# Shark bait question



## holicori (Dec 26, 2012)

Do they eat live white trout? Out here at sykes now with a balloonWhich would be better bait... Whole menhaden (frozen twice) or a live white trout? .


----------



## southern yakker (Jun 25, 2012)

I'd try to catch a ray and use that. The chances are a big red is gonna eat either if those before a shark does.


----------



## L Hull (Jan 19, 2011)

dead bluefish, ladyfish, and bonito have caught a lot of sharks for me. i've never used trout. Yakker's right rays are great, I just don't usually have any.


----------



## Baker8425 (Jul 2, 2012)

Wirelessly posted

I've used white trout a lot for shark bait. Works good. They are a little hard to keep alive in the live well. Great bait, but you may end up with a bull red on the line too!


----------



## jim t (Sep 30, 2007)

Live is always better than dead. 

Shark have sensors along their jaw and head and body that feel vibrations from a wounded but live bait. That's how they find prey in dark, stained water.

I've seen videos of the same kinda thing with gators in absolute dark. The gators will chomp at the vibrations.

So, live is better than dead. Smelly I'd bet after that.

Jim


----------



## MoganMan (Feb 24, 2013)

Really bloody or oily bait normally work the best for me, my favorite being fresh bonito.


----------



## holicori (Dec 26, 2012)

caught a couple rays, how do you hook them? You cut them into like thirds and chunk those?


----------



## southern yakker (Jun 25, 2012)

holicori said:


> caught a couple rays, how do you hook them? You cut them into like thirds and chunk those?


I'm by no means a shark fisherman but from what I've seen my buddies do is cut the stingray town the middle and hook it through the thicker middle part.


----------



## Ugly 1 (Feb 8, 2013)

I have a great spot for catching blues that has never let me down and one in the ice chest to try out tonight at BS. Ill let you know how it works. Or you can take a nap load your gear and we can try and catch a couple fresh ones to hit BS with tonight. You have my number Ugly


----------



## holicori (Dec 26, 2012)

I need a spot for blues. Mot sure that I have your number ugly


----------



## holicori (Dec 26, 2012)

Thanks yak... And i see your number ugly


----------



## ThaFish (Feb 27, 2013)

Ladyfish are definitely my go-to bait for sharks, but I don't think there are any ladies around right now. I'd go with ray or bluefish for sure.


----------



## southern yakker (Jun 25, 2012)

I did hook a shark on a half menhaden yesterday but other bloodier baits are a lit more effective. Wish I would of caught him on a more suitable shark rod but I hooked him on my redfish setup and he snapped off quickly.


----------



## holicori (Dec 26, 2012)

Yea I think I'm gonna start switching my red fish leaders to steel soon, just incase a shark does get on there. The steel leaders don't seem to bother the reds much anyways. It won't be the strongest shark leader but should be good enough if handled gently enough.


----------



## Ugly 1 (Feb 8, 2013)

*A*



holicori said:


> Yea I think I'm gonna start switching my red fish leaders to steel soon, just incase a shark does get on there. The steel leaders don't seem to bother the reds much anyways. It won't be the strongest shark leader but should be good enough if handled gently enough.

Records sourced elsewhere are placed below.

lemma axis_vector_deriv_if_invariant_const:
  assumes "\<And>x. x \<in> I \<Longrightarrow> helix_invariant x = k" and s: "s \<in> I"
  shows "(axis_vector has_vector_derivative 0) (at s)"
proof -
  obtain D where D: "(axis_coeff has_real_derivative D) (at s)"
    using axis_coeff_differentiable[OF s] real_differentiable_def by blast
  have "(axis_vector has_vector_derivative
      (axis_coeff s *\<^sub>R T s + D *\<^sub>R \<gamma> s + (- kg s *\<^sub>R T s + tg s *\<^sub>R U s))) (at s)"
    unfolding axis_vector_def[abs_def]
    by (intro has_vector_derivative_add has_vector_derivative_scaleR D position_deriv[OF s]
        V_deriv[OF s])
  also have "axis_coeff s *\<^sub>R T s + D *\<^sub>R \<gamma> s + (- kg s *\<^sub>R T s + tg s *\<^sub>R U s)
      = (axis_coeff s + D * lam1 s - kg s) *\<^sub>R T s + (D * lam2 s + tg s) *\<^sub>R U s"
    using position[OF s] by (simp add: algebra_simps)
  also have "\<dots> = 0"
    using axis_coeff_deriv_if_invariant_const[OF assms D] by simp
  finally show ?thesis .
qed

lemma invariant_const_imp_helix:
  assumes "\<exists>k. \<forall>s\<in>I. helix_invariant s = k" and "I \<noteq> {}"
  shows "rel_normal_slant_helix I V"
proof -
  obtain k where k: "\<And>s. s \<in> I \<Longrightarrow> helix_invariant s = k" using assms(1) by blast
  obtain R where R: "\<And>s. s \<in> I \<Longrightarrow> axis_vector s = R"
    using has_vector_derivative_zero_constant[of I axis_vector] interval_domain is_interval_convex
      axis_vector_deriv_if_invariant_const[OF k] has_vector_derivative_at_within by metis
  obtain s0 where s0: "s0 \<in> I" using assms(2) by blast
  have V_R: "\<And>s. s \<in> I \<Longrightarrow> V s \<bullet> R = 1"
    using inner_axis_vector_V R by (simp add: inner_commute)
  have R_ge: "1 \<le> norm R"
    using norm_cauchy_schwarz[of "V s0" R] V_R[OF s0] frame_inner(2)[OF s0, folded norm_eq_1]
    by simp
  have "0 \<le> 1 / norm R" by simp
  then have "cos (arccos (1 / norm R)) = 1 / norm R"
    using R_ge by (intro cos_arccos) (linarith, simp add: divide_le_eq_1)
  moreover have "V s \<bullet> (R /\<^sub>R norm R) = 1 / norm R" if "s \<in> I" for s
    using V_R[OF that] by (simp add: inverse_eq_divide)
  moreover have "norm (R /\<^sub>R norm R) = 1" using R_ge by (auto simp: field_simps)
  ultimately show ?thesis unfolding rel_normal_slant_helix_def by metis
qed

lemma helix_iff_invariant_const:
  assumes "I \<noteq> {}"
  shows "rel_normal_slant_helix I V \<longleftrightarrow> (\<exists>k. \<forall>s\<in>I. helix_invariant s = k)"
  using helix_imp_invariant_const invariant_const_imp_helix[OF _ assms] by blast

lemma slant_function_sq_mult_invariant:
  assumes s: "s \<in> I"
  shows "((kg s)\<^sup>2 / ((kg s)\<^sup>2 + (tg s)\<^sup>2) powr (3/2) * exp (F s))\<^sup>2 * helix_invariant s
    = (exp (F s) * lam2 s)\<^sup>2"
proof -
  define q where "q = (kg s)\<^sup>2 + (tg s)\<^sup>2"
  have q_pos: "q > 0" using kg_nonzero[OF s] unfolding q_def by (simp add: add_pos_nonneg)
  have "(q powr (3/2))\<^sup>2 = q powr (3/2 + 3/2)"
    unfolding power2_eq_square powr_add by simp
  also have "\<dots> = q ^ 3" using powr_realpow[OF q_pos, of 3] by simp
  finally have "(q powr (3/2))\<^sup>2 = q ^ 3" .
  moreover have "(kg s)\<^sup>2 * (norm (\<gamma> s))\<^sup>2 = q * (lam2 s)\<^sup>2"
    using axis_coeff_mult_lam2_sq[OF s] kg_nonzero[OF s]
    unfolding q_def axis_coeff_def by (simp add: field_simps power2_eq_square)
  ultimately show ?thesis
    using kg_nonzero[OF s] q_pos unfolding helix_invariant_def axis_coeff_def q_def[symmetric]
    by (simp add: field_simps power2_eq_square power3_eq_cube power4_eq_xxxx)
qed

end

theorem theorem3p2:
  fixes I :: "real set"
    and \<gamma> T V U :: "real \<Rightarrow> real^3"
    and kg kn tg lam1 lam2 F :: "real \<Rightarrow> real"
  assumes I: "open I" "is_interval I" "I \<noteq> {}"
    and frame: "darboux_curve I \<gamma> T V U kg kn tg"
    and kg_nz: "\<forall>s\<in>I. kg s \<noteq> 0"
    and pos: "\<forall>s\<in>I. \<gamma> s = lam1 s *\<^sub>R T s + lam2 s *\<^sub>R U s"
    and lam_diff: "\<forall>s\<in>I. lam1 differentiable (at s) \<and> lam2 differentiable (at s)"
    and F: "\<forall>s\<in>I. (F has_real_derivative (tg s * kn s / kg s)) (at s)"
  shows "rel_normal_slant_helix I V \<longleftrightarrow>
    (\<exists>c. \<forall>s\<in>I. (kg s)\<^sup>2 / ((kg s)\<^sup>2 + (tg s)\<^sup>2) powr (3/2) * exp (F s) = c)"
proof -
  interpret TU_plane_curve I \<gamma> T V U kg kn tg lam1 lam2 F
    using I frame kg_nz pos F by unfold_locales auto
  obtain c where c: "\<And>s. s \<in> I \<Longrightarrow> exp (F s) * lam2 s = c"
    using exp_F_lam2_const by blast
  have "rel_normal_slant_helix I V \<longleftrightarrow> (\<exists>k. \<forall>s\<in>I. helix_invariant s = k)"
    by (rule helix_iff_invariant_const[OF I(3)])
  also have "\<dots> \<longleftrightarrow>
      (\<exists>c. \<forall>s\<in>I. (kg s)\<^sup>2 / ((kg s)\<^sup>2 + (tg s)\<^sup>2) powr (3/2) * exp (F s) = c)"
    using kg_nz helix_invariant_pos slant_function_sq_mult_invariant c
    by (intro const_iff_const_if_sq_mult_const[symmetric, where c="c\<^sup>2"]) auto
  finally show ?thesis .
qed

end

Of the 3 poles I was fishing with that shark grabbed the one with a 3ft steel leader. Usually doesn't work that way. The 3ft light steel worked great with a good circle hook right in the corner of the mouth. I'm going to try and catch a few blues and head to BS are you fishing tonight?


----------



## Gamefish27 (Nov 13, 2009)

ANy thing bloody!!!!! bonita size. Float it to the bottom then crank the reel about 3 times and get ready.


----------



## holicori (Dec 26, 2012)

I prob wont be out til Tuesday night.


----------



## gmoney (Oct 3, 2007)

Best shark bait I've ever used are giant mud eels cut into chunks. Since those aren't readily available, and even if they were I hate dealing with them (very nasty) I'd suggest you use a ray or a skate. Cut a small skate in half, or a larger one in quarters, and use that for bait. Few other fish will bother the bait, and it has a strong scent that attracts sharks from a good distance. If I couldn't get either of those, I'd use the whole white trout and partially butterfly it. 
Start the cut from the tail forward to the gills, but don't remover the tail itself. This will allow the scent and blood to get into the water, while the whole thing is too big for most catfish to bother. Redfish may give you a hassle, but there's nothing wrong with tussling with a big bull red either.


----------



## holicori (Dec 26, 2012)

Very true


----------



## ThaFish (Feb 27, 2013)

Nathan how often do we actually use bonita? Haha. Ladyfish all the way! That's my favorite shark bait at least.


----------